Four hundred six double KOs were tested in the RA M1 macrophage model, while 300 double KOs were tested in the RA M2 macrophage model. None of these simulations perturbed the RA macrophages’ apoptosis or proliferation phenotypes.

Discussion

The number of macrophages in inflamed synovial tissue overgrows during RA, and their polarisation plays a critical role in RA’s physiological and pathological progression45. Thus, selectively suppressing the M1 macrophages or boosting the M2 macrophage could be a promising strategy for treating RA. To investigate such complex mechanisms, we developed a framework to calibrate large-scale Boolean models that can be either automatically inferred from molecular interaction maps using the CaSQ tool35 or manually built in the BMA JSON format. We analyse the models using a newly developed BMA tool37 version that can be deployed on Linux-based High-Performance Computing (HPC) clusters to identify all their attractors. These attractors are filtered to keep only the steady states. While these stable states are better suited to answering biological questions regarding stable patterns of biomolecule activities and cell phenotypes, and are easier to test against expression data, filtering out cyclic attractors may remove oscillatory behaviours that might be interesting to investigate in RA.

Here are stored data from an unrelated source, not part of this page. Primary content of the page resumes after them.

section \<open>The group generated by a Hardy polynomial\<close>

lemma
  assumes "ind_seminorm p"
  shows ind_seminorm_nonneg: "f \<in> real_analytic_fns \<Longrightarrow> 0 \<le> p f"
    and ind_seminorm_add:
      "f \<in> real_analytic_fns \<Longrightarrow> g \<in> real_analytic_fns \<Longrightarrow> p (\<lambda>x. f x + g x) \<le> p f + p g"
    and ind_seminorm_cmult: "f \<in> real_analytic_fns \<Longrightarrow> p (\<lambda>x. c * f x) = cmod c * p f"
  using assms unfolding ind_seminorm_def by (simp_all add: Ball_def)

lemma ind_seminorm_boundE:
  assumes "ind_seminorm p" "open U" "\<And>x::real. complex_of_real x \<in> U"
  obtains K C where "compact K" "K \<subseteq> U"
    "\<And>g M. g holomorphic_on U \<Longrightarrow> (\<And>z. z \<in> K \<Longrightarrow> cmod (g z) \<le> M) \<Longrightarrow>
       p (\<lambda>x. g (complex_of_real x)) \<le> C * M"
proof -
  have "\<forall>U. open U \<and> (\<forall>x::real. complex_of_real x \<in> U) \<longrightarrow>
        (\<exists>K C. compact K \<and> K \<subseteq> U \<and> (\<forall>g M. g holomorphic_on U \<and> (\<forall>z\<in>K. cmod (g z) \<le> M) \<longrightarrow>
           p (\<lambda>x. g (complex_of_real x)) \<le> C * M))"
    using assms(1) unfolding ind_seminorm_def by (elim conjE)
  then have "\<exists>K C. compact K \<and> K \<subseteq> U \<and> (\<forall>g M. g holomorphic_on U \<and> (\<forall>z\<in>K. cmod (g z) \<le> M) \<longrightarrow>
           p (\<lambda>x. g (complex_of_real x)) \<le> C * M)"
    using assms(2,3) by simp
  then obtain K C where "compact K \<and> K \<subseteq> U \<and> (\<forall>g M. g holomorphic_on U \<and> (\<forall>z\<in>K. cmod (g z) \<le> M) \<longrightarrow>
           p (\<lambda>x. g (complex_of_real x)) \<le> C * M)"
    by (elim exE)
  then have "compact K" "K \<subseteq> U" "\<And>g M. g holomorphic_on U \<Longrightarrow> (\<And>z. z \<in> K \<Longrightarrow> cmod (g z) \<le> M) \<Longrightarrow>
      p (\<lambda>x. g (complex_of_real x)) \<le> C * M"
    by auto
  then show ?thesis by (rule that)
qed

lemma tendsto_A_if_uniform_limit:
  assumes U: "open U" "\<And>x::real. complex_of_real x \<in> U"
    and hol: "\<And>t. h t holomorphic_on U" "g holomorphic_on U"
    and unif: "\<And>K. compact K \<Longrightarrow> K \<subseteq> U \<Longrightarrow> uniform_limit K h g F"
  shows "tendsto_A (\<lambda>t x. h t (complex_of_real x)) (\<lambda>x. g (complex_of_real x)) F"
  unfolding tendsto_A_def
proof (intro allI impI)
  fix q assume q: "ind_seminorm q"
  obtain K C where K: "compact K" "K \<subseteq> U"
    and KC: "\<And>f M. f holomorphic_on U \<Longrightarrow> (\<And>z. z \<in> K \<Longrightarrow> cmod (f z) \<le> M) \<Longrightarrow>
               q (\<lambda>x. f (complex_of_real x)) \<le> C * M"
    by (rule ind_seminorm_boundE[OF q U]) blast
  define D where "D t w = h t w - g w" for t w
  have D_hol: "D t holomorphic_on U" for t unfolding D_def by (intro holomorphic_on_diff hol)
  have D_nonneg: "0 \<le> q (\<lambda>x. D t (complex_of_real x))" for t
    by (rule ind_seminorm_nonneg[OF q real_analytic_fnsI[OF U D_hol]])
  show "((\<lambda>t. q (\<lambda>x. h t (complex_of_real x) - g (complex_of_real x))) \<longlongrightarrow> 0) F"
  proof (rule tendstoI)
    fix e :: real assume "0 < e"
    define \<delta> where "\<delta> = e / (\<bar>C\<bar> + 1)"
    have "0 < \<delta>" using \<open>0 < e\<close> by (simp add: \<delta>_def add_pos_nonneg)
    have "C * \<delta> < e"
    proof -
      have "C * \<delta> \<le> \<bar>C\<bar> * \<delta>" using \<open>0 < \<delta>\<close> by (intro mult_right_mono) auto
      also have "\<dots> < (\<bar>C\<bar> + 1) * \<delta>" using \<open>0 < \<delta>\<close> by simp
      also have "\<dots> = e" by (simp add: \<delta>_def add_pos_nonneg)
      finally show ?thesis .
    qed
    show "eventually (\<lambda>t. dist (q (\<lambda>x. h t (complex_of_real x) - g (complex_of_real x))) 0 < e) F"
      using uniform_limitD[OF unif[OF K] \<open>0 < \<delta>\<close>]
    proof eventually_elim
      case (elim t)
      have "q (\<lambda>x. D t (complex_of_real x)) \<le> C * \<delta>"
        by (rule KC[OF D_hol]) (use elim in \<open>auto simp: D_def dist_norm less_imp_le\<close>)
      then show ?case using \<open>C * \<delta> < e\<close> D_nonneg[of t] by (simp add: D_def)
    qed
  qed
qed

definition hardy_group :: "nat \<Rightarrow> (nat \<Rightarrow> complex) \<Rightarrow> real \<Rightarrow> (real \<Rightarrow> complex) \<Rightarrow> real \<Rightarrow> complex" where
  "hardy_group K a t f = (\<lambda>x. \<Sum>n. complex_of_real t ^ n / fact n * (hardy_poly K a ^^ n) f x)"

lemma hardy_group_eq_op_exp:
  assumes "real_star_nbhd V" "g holomorphic_on V"
  shows "hardy_group K a t (\<lambda>x. g (complex_of_real x)) =
         (\<lambda>x. op_exp (hardy_c_poly K a) (complex_of_real t) g (complex_of_real x))"
  by (simp add: hardy_group_def op_exp_def hardy_poly_funpow_eq_hardy_c_poly[OF assms])

lemmas holomorphic_on_op_exp_hardy_c_poly = holomorphic_on_op_exp[OF star_bounded_op_hardy_c_poly]

lemma real_analytic_fns_restrict:
  "real_star_nbhd V \<Longrightarrow> g holomorphic_on V \<Longrightarrow> (\<lambda>x. g (complex_of_real x)) \<in> real_analytic_fns"
  by (rule real_analytic_fnsI[OF real_star_nbhd_open real_star_nbhd_real])

lemma hardy_poly_real_analytic: "f \<in> real_analytic_fns \<Longrightarrow> hardy_poly K a f \<in> real_analytic_fns"
proof -
  assume "f \<in> real_analytic_fns"
  then obtain V g where V: "real_star_nbhd V" and hol: "g holomorphic_on V"
    and f: "f = (\<lambda>x. g (complex_of_real x))" by (rule real_analytic_fnsE)
  show ?thesis
    unfolding f hardy_poly_eq_hardy_c_poly[OF V hol]
    by (rule real_analytic_fns_restrict[OF V star_bounded_op_holomorphic[OF star_bounded_op_hardy_c_poly V hol]])
qed

lemma hardy_group_real_analytic: "f \<in> real_analytic_fns \<Longrightarrow> hardy_group K a t f \<in> real_analytic_fns"
proof -
  assume "f \<in> real_analytic_fns"
  then obtain V g where V: "real_star_nbhd V" and hol: "g holomorphic_on V"
    and f: "f = (\<lambda>x. g (complex_of_real x))" by (rule real_analytic_fnsE)
  show ?thesis
    unfolding f hardy_group_eq_op_exp[OF V hol]
    by (rule real_analytic_fns_restrict[OF V holomorphic_on_op_exp_hardy_c_poly[OF V hol]])
qed

lemma hardy_group_add:
  assumes "f1 \<in> real_analytic_fns" "f2 \<in> real_analytic_fns"
  shows "hardy_group K a t (\<lambda>x. f1 x + f2 x) = (\<lambda>x. hardy_group K a t f1 x + hardy_group K a t f2 x)"
proof -
  obtain V1 g1 where V1: "real_star_nbhd V1" "g1 holomorphic_on V1" and f1: "f1 = (\<lambda>x. g1 (complex_of_real x))"
    using assms(1) by (rule real_analytic_fnsE)
  obtain V2 g2 where V2: "real_star_nbhd V2" "g2 holomorphic_on V2" and f2: "f2 = (\<lambda>x. g2 (complex_of_real x))"
    using assms(2) by (rule real_analytic_fnsE)
  have V: "real_star_nbhd (V1 \<inter> V2)" by (rule real_star_nbhd_Int[OF V1(1) V2(1)])
  have hol: "g1 holomorphic_on V1 \<inter> V2" "g2 holomorphic_on V1 \<inter> V2"
    by (rule holomorphic_on_subset[OF V1(2) Int_lower1], rule holomorphic_on_subset[OF V2(2) Int_lower2])
  have "(\<lambda>w. g1 w + g2 w) holomorphic_on V1 \<inter> V2" by (intro holomorphic_on_add hol)
  then have "hardy_group K a t (\<lambda>x. f1 x + f2 x) =
             (\<lambda>x. op_exp (hardy_c_poly K a) (complex_of_real t) (\<lambda>w. g1 w + g2 w) (complex_of_real x))"
    unfolding f1 f2 by (rule hardy_group_eq_op_exp[OF V])
  also have "\<dots> = (\<lambda>x. op_exp (hardy_c_poly K a) (complex_of_real t) g1 (complex_of_real x) +
                      op_exp (hardy_c_poly K a) (complex_of_real t) g2 (complex_of_real x))"
    using op_exp_add[OF star_bounded_op_hardy_c_poly V hol real_star_nbhd_real[OF V]] by simp
  also have "\<dots> = (\<lambda>x. hardy_group K a t f1 x + hardy_group K a t f2 x)"
    unfolding f1 f2 hardy_group_eq_op_exp[OF V hol(1)] hardy_group_eq_op_exp[OF V hol(2)] ..
  finally show ?thesis .
qed

lemma hardy_group_cmult:
  assumes "f \<in> real_analytic_fns"
  shows "hardy_group K a t (\<lambda>x. b * f x) = (\<lambda>x. b * hardy_group K a t f x)"
proof -
  obtain V g where V: "real_star_nbhd V" and hol: "g holomorphic_on V"
    and f: "f = (\<lambda>x. g (complex_of_real x))" using assms by (rule real_analytic_fnsE)
  have "(\<lambda>w. b * g w) holomorphic_on V" by (intro holomorphic_on_mult holomorphic_on_const hol)
  then have "hardy_group K a t (\<lambda>x. b * f x) =
             (\<lambda>x. op_exp (hardy_c_poly K a) (complex_of_real t) (\<lambda>w. b * g w) (complex_of_real x))"
    unfolding f by (rule hardy_group_eq_op_exp[OF V])
  also have "\<dots> = (\<lambda>x. b * hardy_group K a t f x)"
    unfolding f hardy_group_eq_op_exp[OF V hol]
    using op_exp_cmult[OF star_bounded_op_hardy_c_poly V hol real_star_nbhd_real[OF V]] by simp
  finally show ?thesis .
qed

lemma ind_seminorm_hardy_group_bound:
  assumes q: "ind_seminorm q" and U: "open U" "\<And>x::real. complex_of_real x \<in> U"
  shows "\<exists>S C. compact S \<and> S \<subseteq> U \<and> (\<forall>g M. g holomorphic_on U \<and> (\<forall>z\<in>S. cmod (g z) \<le> M) \<longrightarrow>
           q (hardy_group K a t (\<lambda>x. g (complex_of_real x))) \<le> C * M)"
proof -
  obtain V where V: "real_star_nbhd V" "V \<subseteq> U" using real_star_nbhd_subset U by metis
  obtain Q C where Q: "compact Q" "Q \<subseteq> V"
    and QC: "\<And>f M. f holomorphic_on V \<Longrightarrow> (\<And>z. z \<in> Q \<Longrightarrow> cmod (f z) \<le> M) \<Longrightarrow>
               q (\<lambda>x. f (complex_of_real x)) \<le> C * M"
    by (rule ind_seminorm_boundE[OF q real_star_nbhd_open[OF V(1)] real_star_nbhd_real[OF V(1)]]) blast
  obtain S where S: "compact S" "Q \<subseteq> S" "S \<subseteq> V" "star_shaped_0 S"
    using compact_star_shaped_0_superset[OF Q real_star_nbhd_star_shaped[OF V(1)]] by blast
  define E where "E = exp (\<bar>t\<bar> * (\<Sum>k\<le>K. cmod (a k)))"
  show ?thesis
  proof (intro exI conjI allI impI)
    show "compact S" "S \<subseteq> U" using S V(2) by auto
    fix g M assume gM: "g holomorphic_on U \<and> (\<forall>z\<in>S. cmod (g z) \<le> M)"
    then have hol: "g holomorphic_on V" using V(2) holomorphic_on_subset by blast
    have "cmod (op_exp (hardy_c_poly K a) (complex_of_real t) g z) \<le> E * M" if "z \<in> Q" for z
    proof -
      have "cmod (op_exp (hardy_c_poly K a) (complex_of_real t) g z) \<le>
            exp (cmod (complex_of_real t) * (\<Sum>k\<le>K. cmod (a k))) * M"
        by (rule op_exp_norm_le[OF star_bounded_op_hardy_c_poly V(1) hol S(4,3)]) (use gM S(2) that in auto)
      then show ?thesis by (simp add: E_def)
    qed
    then have "q (\<lambda>x. op_exp (hardy_c_poly K a) (complex_of_real t) g (complex_of_real x)) \<le> C * (E * M)"
      by (rule QC[OF holomorphic_on_op_exp_hardy_c_poly[OF V(1) hol]])
    then show "q (hardy_group K a t (\<lambda>x. g (complex_of_real x))) \<le> C * E * M"
      by (simp add: hardy_group_eq_op_exp[OF V(1) hol] mult.assoc)
  qed
qed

Given the high number of input combinations in large-scale Boolean models, using HPC clusters enables high-throughput model analysis. It overcomes the lack of computational power and takes advantage of parallel computing to considerably reduce the running time for the search of the possible steady states. Because we are using Boolean formalism, the resulting steady states of the models are binary vectors. To be able to validate their behaviours, we compare them to differentially expressed molecules, we discretised the expressions. Biomolecules not differentially expressed, such as housekeeping genes, were not considered. Qualitative models with a higher granularity could be envisioned to address this limitation; nevertheless, additional computational resources would be needed to cope with the exponentially higher complexity of these models.

We applied the proposed methodology to the large-scale RA M1 and M2 synovial macrophages interaction maps20, setting the path to many other disease maps to be explored, such as the Atlas of Cancer Signalling Network17, multiple sclerosis pathway map46 or COVID-19 disease map19. To analyse the resulting RA M1 and M2 macrophage models, we adapted the framework to make it relevant to the disease and cell type under study. Indeed, we filtered the models’ steady states according to the values of their cell-specific phenotypes and kept the ones that reflect the imbalanced M1/M2 ratio in the RA synovial macrophage population and the enhanced osteoclastic bone resorption in RA joints. In addition, to calibrate the models, we selected an RA and macrophage-specific gene expression data set and carefully curated the extracted information from the literature to ensure that it was specific to both RA disease and synovial macrophages. The experimentally observed values were extracted from macrophage- and RA-specific data but not phenotype-specific data. Therefore, those observed values do not consider the phenotypic differences between the M1 and M2 macrophages and do not reflect the increased apoptosis resistance and the high proliferation observed in the M1 macrophage compared to the M2 macrophage. Indeed, the identified mismatches in both models are related to biomolecules participating in the apoptosis pathway. Since the M1 phenotype resists apoptosis, pro-apoptotic components (CASP7) tend to be inhibited in the calibrated state of the M1 macrophage model. On the other hand, the M2 phenotype is pro-apoptotic; hence, pro-apoptotic components are active (CASP3) while anti-apoptotic components are inhibited (BCL2L1, MCL1) in the calibrated state of the M1 macrophage model. Having access to RA M1 and M2 synovial samples to calibrate the models would help us providing a phenotype-specific dynamics of the biological processes and reducing the observed mismatches between the models’ Boolean states and the experimentally observed states.

A recent initiative to provide gene signatures of the M1 and M2 macrophages has been made by Ghosh et al. 47. Using machine learning, authors identified signatures that accurately identified both physiologic and pathologic spectra of reactivity and tolerance in macrophages. Even though the overlap between our models’ components and these macrophage signatures is poor given their lack of RA specificity, it would be interesting to integrate this kind of data in our approach.

The integration of additional data sets for the calibration of the RA macrophage models, either publicly available or proprietary, would help improving the models’ robustness. It would also help fixing the values of the nodes that were not fixed due to a lack of information regarding their expression. As RA is a highly heterogeneous disease, changes in certain DEGs are to be expected.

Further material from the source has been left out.